WHEELING, W.Va. — Leaders in Wheeling are debating whether to create a city position meant to coordinate efforts addressing homelessness.
Members of the city council’s Health and Recreation Committee, chaired by councilwoman Rosemary Ketchum, approved the matter to a full council for consideration after thorough discussions in the past week.
The proposal, approved in committee by Ketchum and Vice Mayor Chad Thalman, would create a Homeless Liaison and Functional Zero Program Coordinator within the city administration, working under the city clerk.
Ketchum told MetroNews she has worked on this proposal and job description since she was elected in June of last year and beyond as a professional working in public health. She said community members are concerned more encampments are popping up every year, including the areas under bridges, along Wheeling Creek and the Heritage Trail.
“The city of Wheeling has an opportunity and more importantly an obligation to address this issue. Both because it has moral implications and economic implications for our community,” Ketchum said.
Ketchum was able to propose the position in committee two weeks ago but it did not pass the first time. Last Tuesday, it passed after a 2-1 vote with councilman Ben Seidler voting against the action.
Thalman changed his vote from the first meeting following revisions made by Ketchum on the definition of success to the program, the Intelligencer reported. Ketchum said the city does not have a single data point about the status of homelessness in the community but this position will begin to accumulate data. Ketchum said from the data, the city can mark improvements and make educated decisions.
In the drafted job description it lists a role as “Maintains real-time data relating to Wheeling’s unsheltered population providing accurate reporting and statistical information as requested.”
Ketchum is hopeful the position can build bridges back to local service organizations from fragmented relationships.
“This is a role that is split between administrative duties, being able to collect data, understand the data and report on it,” Ketchum told MetroNews. “While also being a face to face with our community, homeless community service organizers to coordinate those services. To understand and illustrate what those pressure points are.
“We may have ideas but we are not experts. It’s irresponsible as a council to expect to make decisions that are informed from an expert perspective. Whether we move a camp or knowing what these folks need.”
Ketchum said the term “Functional Zero” in the title of the job a methodology that has been successful in reducing veteran homelessness. It’s a program inspired by Built for Zero methodologies, identified as a measure in which a community has solved or ended its problems with homelessness.
In the proposal of the position, it is given a 3-year sunset. Ketchum said the city approved putting a 3-year cap on it as the position relates to a specific program with goals.
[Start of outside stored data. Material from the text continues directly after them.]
(* Let $p>1$ and $q>1$. Let $X$ be an $\mathbb{R}$-smooth Banach space, $Y$ a Banach space, $\mathcal{D}(A)\subset\mathcal{D}(B)\subset X$ subspaces, and $A:\mathcal{D}(A)\to X$, $B:\mathcal{D}(B)\to Y$ (possibly nonlinear) operators. Let $y\in\mathcal{D}(A)$ satisfy $A(y)=0$ and $B(y)=0$. Let $y_\theta\in\mathcal{D}(A)$ and set $\mathcal{R}_{eq}=A(y_\theta)$, $\mathcal{R}_{bn}=B(y_\theta)$, $\mathcal{E}=\|y_\theta-y\|^q$. Assume $A$ is $(p,\psi)$-coercive with function $\Lambda$, and $\psi$ is subordinate to $B$ (on $\mathcal{D}(A)$) with functions $\gamma$ and $\rho$. Then $$\mathcal{E}\le p^{\frac qp}\left(\gamma(y_\theta,y)\rho(\mathcal{R}_{bn})+\frac1p\Lambda^p(y_\theta,y)\|\mathcal{R}_{eq}\|^p\right)^{\frac qp}.$$
   Context: $X$ is $\mathbb{R}$-smooth if for all $y$ with $\|y\|=1$ and all $\chi\in X$ the limit $D(\|\cdot\|)(y;\chi)=\lim_{\mathbb{R}\ni s\to0}\frac{\|y+s\chi\|-\|y\|}{s}$ exists (hence it exists for every $y\ne0$). Real $p$-form: $\langle y_1,y_2\rangle_p:=\|y_2\|^{p-1}D(\|\cdot\|)(y_2;y_1)$ for $y_2\neq0$, $\langle y_1,0\rangle_p:=0$ (equivalently $\|y_2\|^{p-2}\mathrm{Re}[y_1,y_2]$ with the semi-inner product $[\chi,y]=\|y\|(D(\|\cdot\|)(y;\chi)-iD(\|\cdot\|)(y;i\chi))$). $A$ is $(p,\psi)$-coercive, for $\psi:\mathcal{D}(A)\times\mathcal{D}(A)\to\mathbb{R}$, if $\|\chi-y\|^p\le\psi(\chi,y)+\Lambda(\chi,y)\langle A(\chi)-A(y),\chi-y\rangle_p$ for all $\chi,y\in\mathcal{D}(A)$, with some $\Lambda(\chi,y)\ge0$. $\psi$ is subordinate to $B$ if there is $\rho\in C(Y;\mathbb{R}^+)$ with $\rho(\xi)\to0$ as $\xi\to0$ and $|\psi(\chi,y)|\le\gamma(\chi,y)\rho(B(\chi)-B(y))$ for all $\chi,y\in\mathcal{D}(A)$, with some $\gamma(\chi,y)\ge0$. *)

theory Defs
  imports "HOL-Analysis.Analysis"
begin

definition norm_dir_deriv :: "'a::real_normed_vector \<Rightarrow> 'a \<Rightarrow> real" where
  "norm_dir_deriv y x = Lim (at (0::real)) (\<lambda>s. (norm (y + s *\<^sub>R x) - norm y) / s)"

definition R_smooth :: "'a::real_normed_vector itself \<Rightarrow> bool" where
  "R_smooth _ \<longleftrightarrow> (\<forall>(y::'a) x. norm y = 1 \<longrightarrow>
      (\<exists>L. ((\<lambda>s::real. (norm (y + s *\<^sub>R x) - norm y) / s) \<longlongrightarrow> L) (at 0)))"

definition p_form :: "real \<Rightarrow> 'a::real_normed_vector \<Rightarrow> 'a \<Rightarrow> real" where
  "p_form p y1 y2 = (if y2 = 0 then 0 else norm y2 powr (p - 1) * norm_dir_deriv y2 y1)"

definition p_psi_coercive ::
  "real \<Rightarrow> 'a set \<Rightarrow> ('a::real_normed_vector \<Rightarrow> 'a) \<Rightarrow> ('a \<Rightarrow> 'a \<Rightarrow> real)
     \<Rightarrow> ('a \<Rightarrow> 'a \<Rightarrow> real) \<Rightarrow> bool" where
  "p_psi_coercive p DA A \<psi> \<Lambda> \<longleftrightarrow>
     (\<forall>x\<in>DA. \<forall>y\<in>DA. \<Lambda> x y \<ge> 0 \<and>
        norm (x - y) powr p \<le> \<psi> x y + \<Lambda> x y * p_form p (A x - A y) (x - y))"

definition subordinate ::
  "'a set \<Rightarrow> ('a \<Rightarrow> 'b::real_normed_vector) \<Rightarrow> ('a \<Rightarrow> 'a \<Rightarrow> real)
     \<Rightarrow> ('a \<Rightarrow> 'a \<Rightarrow> real) \<Rightarrow> ('b \<Rightarrow> real) \<Rightarrow> bool" where
  "subordinate DA B \<psi> \<gamma> \<rho> \<longleftrightarrow>
     continuous_on UNIV \<rho> \<and> (\<forall>\<xi>. \<rho> \<xi> \<ge> 0) \<and> (\<rho> \<longlongrightarrow> 0) (at 0) \<and>
     (\<forall>x\<in>DA. \<forall>y\<in>DA. \<gamma> x y \<ge> 0 \<and> \<bar>\<psi> x y\<bar> \<le> \<gamma> x y * \<rho> (B x - B y))"

end

theory Submission
  imports Defs
begin

text \<open>Put E = norm (y\<theta> - y). Since the directional derivative of the norm is bounded by the
  norm of the direction, coercivity together with subordination gives
  E^p \<le> \<gamma> \<rho>(B y\<theta>) + \<Lambda> \<parallel>A y\<theta>\<parallel> E^(p-1). Young's inequality with exponents p and p/(p-1)
  absorbs the last term into the left-hand side, and raising the resulting bound on E^p
  to the power q/p gives the estimate for E^q.\<close>

lemma norm_diff_quotient_tendsto_norm_dir_deriv:
  fixes y x :: "'a::real_normed_vector"
  assumes "R_smooth TYPE('a)" and "y \<noteq> 0"
  shows "((\<lambda>s::real. (norm (y + s *\<^sub>R x) - norm y) / s) \<longlongrightarrow> norm_dir_deriv y x) (at 0)"
proof -
  define c where "c = norm y"
  have "c > 0" using \<open>y \<noteq> 0\<close> by (simp add: c_def)
  define u where "u = y /\<^sub>R c"
  have "norm u = 1" using \<open>c > 0\<close> by (simp add: u_def c_def)
  then obtain L where L: "((\<lambda>t::real. (norm (u + t *\<^sub>R x) - norm u) / t) \<longlongrightarrow> L) (at 0)"
    using assms(1) unfolding R_smooth_def by blast
  have "filterlim (\<lambda>s::real. s / c) (at 0) (at 0)"
  proof (rule filterlim_atI)
    show "((\<lambda>s::real. s / c) \<longlongrightarrow> 0) (at 0)"
      using \<open>c > 0\<close> by (auto intro!: tendsto_eq_intros)
    show "\<forall>\<^sub>F s in at (0::real). s / c \<noteq> 0"
      using \<open>c > 0\<close> by (auto simp: eventually_at_filter)
  qed
  with L have "((\<lambda>s. (norm (u + (s / c) *\<^sub>R x) - norm u) / (s / c)) \<longlongrightarrow> L) (at 0)"
    by (rule filterlim_compose)
  moreover have "(norm (u + (s / c) *\<^sub>R x) - norm u) / (s / c) = (norm (y + s *\<^sub>R x) - norm y) / s"
    for s
  proof -
    have "y + s *\<^sub>R x = c *\<^sub>R (u + (s / c) *\<^sub>R x)"
      using \<open>c > 0\<close> by (simp add: u_def algebra_simps)
    then have "norm (y + s *\<^sub>R x) = c * norm (u + (s / c) *\<^sub>R x)"
      using \<open>c > 0\<close> by simp
    then show ?thesis
      using \<open>c > 0\<close> \<open>norm u = 1\<close> by (simp add: c_def[symmetric] field_simps)
  qed
  ultimately have "((\<lambda>s::real. (norm (y + s *\<^sub>R x) - norm y) / s) \<longlongrightarrow> L) (at 0)"
    by (simp only:)
  moreover from this have "norm_dir_deriv y x = L"
    unfolding norm_dir_deriv_def by (intro tendsto_Lim) simp_all
  ultimately show ?thesis by simp
qed

lemma abs_norm_diff_quotient_le:
  fixes y x :: "'a::real_normed_vector"
  shows "\<bar>(norm (y + s *\<^sub>R x) - norm y) / s\<bar> \<le> norm x"
proof (cases "s = 0")
  case False
  have "\<bar>norm (y + s *\<^sub>R x) - norm y\<bar> \<le> norm (s *\<^sub>R x)"
    by (metis add_diff_cancel_left' norm_triangle_ineq3)
  then show ?thesis
    using False by (simp add: abs_divide divide_le_eq mult.commute)
qed simp

lemma abs_norm_dir_deriv_le:
  fixes y x :: "'a::real_normed_vector"
  assumes "R_smooth TYPE('a)" and "y \<noteq> 0"
  shows "\<bar>norm_dir_deriv y x\<bar> \<le> norm x"
  using tendsto_rabs[OF norm_diff_quotient_tendsto_norm_dir_deriv[OF assms]]
proof (rule tendsto_upperbound)
  show "\<forall>\<^sub>F s in at 0. \<bar>(norm (y + s *\<^sub>R x) - norm y) / s\<bar> \<le> norm x"
    by (intro always_eventually allI abs_norm_diff_quotient_le)
qed simp

lemma p_form_le:
  fixes x y :: "'a::real_normed_vector"
  assumes "R_smooth TYPE('a)"
  shows "p_form p x y \<le> norm y powr (p - 1) * norm x"
proof (cases "y = 0")
  case False
  then have "norm_dir_deriv y x \<le> norm x"
    using abs_norm_dir_deriv_le[OF assms] by (meson abs_le_D1)
  with False show ?thesis
    by (simp add: p_form_def mult_left_mono)
qed (simp add: p_form_def)

lemma powr_le_absorb_by_Young:
  fixes E a G p :: real
  assumes "p > 1" and "E \<ge> 0" and "a \<ge> 0"
    and "E powr p \<le> G + a * E powr (p - 1)"
  shows "E powr p \<le> p * G + a powr p"
proof -
  define p' where "p' = p / (p - 1)"
  have "p' > 1" and "1 / p + 1 / p' = 1"
    using \<open>p > 1\<close> by (simp_all add: p'_def field_simps)
  then have "a * E powr (p - 1) \<le> a powr p / p + (E powr (p - 1)) powr p' / p'"
    using \<open>p > 1\<close> \<open>a \<ge> 0\<close> by (intro Youngs_inequality) simp_all
  also have "(E powr (p - 1)) powr p' / p' = (p - 1) / p * E powr p"
    using \<open>p > 1\<close> by (simp add: p'_def powr_powr)
  finally have "E powr p \<le> G + a powr p / p + (p - 1) / p * E powr p"
    using assms(4) by linarith
  moreover have "E powr p - (p - 1) / p * E powr p = E powr p / p"
    using \<open>p > 1\<close> by (simp add: field_simps)
  ultimately have "E powr p / p \<le> G + a powr p / p"
    by linarith
  then show ?thesis
    using \<open>p > 1\<close> by (simp add: field_simps)
qed

lemma coercive_subordinate_error_powr_p_le:
  fixes A :: "'a::real_normed_vector \<Rightarrow> 'a" and B :: "'a \<Rightarrow> 'b::real_normed_vector"
  assumes "p > 1" and "R_smooth TYPE('a)"
    and "p_psi_coercive p DA A \<psi> \<Lambda>" and "subordinate DA B \<psi> \<gamma> \<rho>"
    and "y \<in> DA" and "y\<theta> \<in> DA" and "A y = 0" and "B y = 0"
  shows "norm (y\<theta> - y) powr p \<le>
    p * (\<gamma> y\<theta> y * \<rho> (B y\<theta>) + 1 / p * \<Lambda> y\<theta> y powr p * norm (A y\<theta>) powr p)"
proof -
  define E where "E = norm (y\<theta> - y)"
  define a where "a = \<Lambda> y\<theta> y * norm (A y\<theta>)"
  have "\<Lambda> y\<theta> y \<ge> 0" and coercive: "E powr p \<le> \<psi> y\<theta> y + \<Lambda> y\<theta> y * p_form p (A y\<theta>) (y\<theta> - y)"
    using assms(3,5-7) unfolding p_psi_coercive_def E_def by (metis diff_zero)+
  have subordinate: "\<psi> y\<theta> y \<le> \<gamma> y\<theta> y * \<rho> (B y\<theta>)"
    using assms(4-6,8) unfolding subordinate_def by (metis abs_le_D1 diff_zero)
  have "p_form p (A y\<theta>) (y\<theta> - y) \<le> E powr (p - 1) * norm (A y\<theta>)"
    unfolding E_def using assms(2) by (rule p_form_le)
  then have "\<Lambda> y\<theta> y * p_form p (A y\<theta>) (y\<theta> - y) \<le> a * E powr (p - 1)"
    using \<open>\<Lambda> y\<theta> y \<ge> 0\<close> unfolding a_def by (metis mult_left_mono mult.assoc mult.commute)
  with coercive subordinate have "E powr p \<le> \<gamma> y\<theta> y * \<rho> (B y\<theta>) + a * E powr (p - 1)"
    by linarith
  then have "E powr p \<le> p * (\<gamma> y\<theta> y * \<rho> (B y\<theta>)) + a powr p"
    using \<open>p > 1\<close> \<open>\<Lambda> y\<theta> y \<ge> 0\<close> by (intro powr_le_absorb_by_Young) (simp_all add: E_def a_def)
  also have "a powr p = p * (1 / p * \<Lambda> y\<theta> y powr p * norm (A y\<theta>) powr p)"
    using \<open>p > 1\<close> \<open>\<Lambda> y\<theta> y \<ge> 0\<close> by (simp add: a_def powr_mult)
  finally show ?thesis
    by (simp add: E_def distrib_left)
qed

theorem theorem5:
  fixes p q :: real
    and DA DB :: "'a::banach set"
    and A :: "'a \<Rightarrow> 'a" and B :: "'a \<Rightarrow> 'b::banach"
    and \<psi> \<Lambda> \<gamma> :: "'a \<Rightarrow> 'a \<Rightarrow> real" and \<rho> :: "'b \<Rightarrow> real"
    and y y\<theta> :: 'a
  assumes "p > 1" and "q > 1"
    and "R_smooth TYPE('a)"
    and "subspace DA" and "subspace DB" and "DA \<subseteq> DB"
    and "y \<in> DA" and "A y = 0" and "B y = 0"
    and "y\<theta> \<in> DA"
    and "p_psi_coercive p DA A \<psi> \<Lambda>"
    and "subordinate DA B \<psi> \<gamma> \<rho>"
  shows "norm (y\<theta> - y) powr q \<le>
    p powr (q / p) * (\<gamma> y\<theta> y * \<rho> (B y\<theta>) + 1 / p * \<Lambda> y\<theta> y powr p * norm (A y\<theta>) powr p) powr (q / p)"
proof -
  define S where "S = \<gamma> y\<theta> y * \<rho> (B y\<theta>) + 1 / p * \<Lambda> y\<theta> y powr p * norm (A y\<theta>) powr p"
  have "norm (y\<theta> - y) powr p \<le> p * S"
    unfolding S_def by (rule coercive_subordinate_error_powr_p_le[OF assms(1,3,11,12,7,10,8,9)])
  have "norm (y\<theta> - y) powr q = (norm (y\<theta> - y) powr p) powr (q / p)"
    using \<open>p > 1\<close> by (simp add: powr_powr)
  also have "\<dots> \<le> (p * S) powr (q / p)"
    using \<open>norm (y\<theta> - y) powr p \<le> p * S\<close> \<open>p > 1\<close> \<open>q > 1\<close> by (intro powr_mono2) simp_all
  also have "\<dots> = p powr (q / p) * S powr (q / p)"
    by (rule powr_mult)
  finally show ?thesis
    unfolding S_def .
qed

end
The Intelligencer reported last week during meetings that Seidler expressed goals on how to solve the city’s homelessness issue but not with this position.
He during a meeting in early June, “I am a huge proponent of anything we can do as a city to help put an end to a person’s homelessness, but I don’t believe that hiring a position under the umbrella of the city is the right move.
“I would prefer to see the city fund a position under the Greater Wheeling Coalition for the Homeless, who oversees the Northern Panhandle Continuum of care, and whose primary mission is ending homelessness.”
Ketchum, who represents Ward 3, said the new position would give those local organizations a boost. She said she would not feel so strongly about the proposal if it offered the same services the local organizations have.
“While we have incredible organizations doing really powerful work, a lot of that work is fragmented. Without the city setting the tone, it will remain that way,” she said.
Ketchum said she sees momentum with this measure, saying that Mayor Glenn Elliott who is also on council, is excited to ‘set the tone.’
It will be sent to council for a future meeting, which the next one is scheduled for July 6. Ketchum said she struggles to see why someone would not be willing to support a measure with both a moral and economic argument.
“I wish the compassionate, moral argument is enough for people to understand why addressing homelessness is so critical. But I realize some folks are much more convinced by the economic argument,” Ketchum said.
“It’s really tough to pull developers and investors in our community, give them a tour of our beautiful neighborhoods when there are encampments lining our riverfront or in our parks.’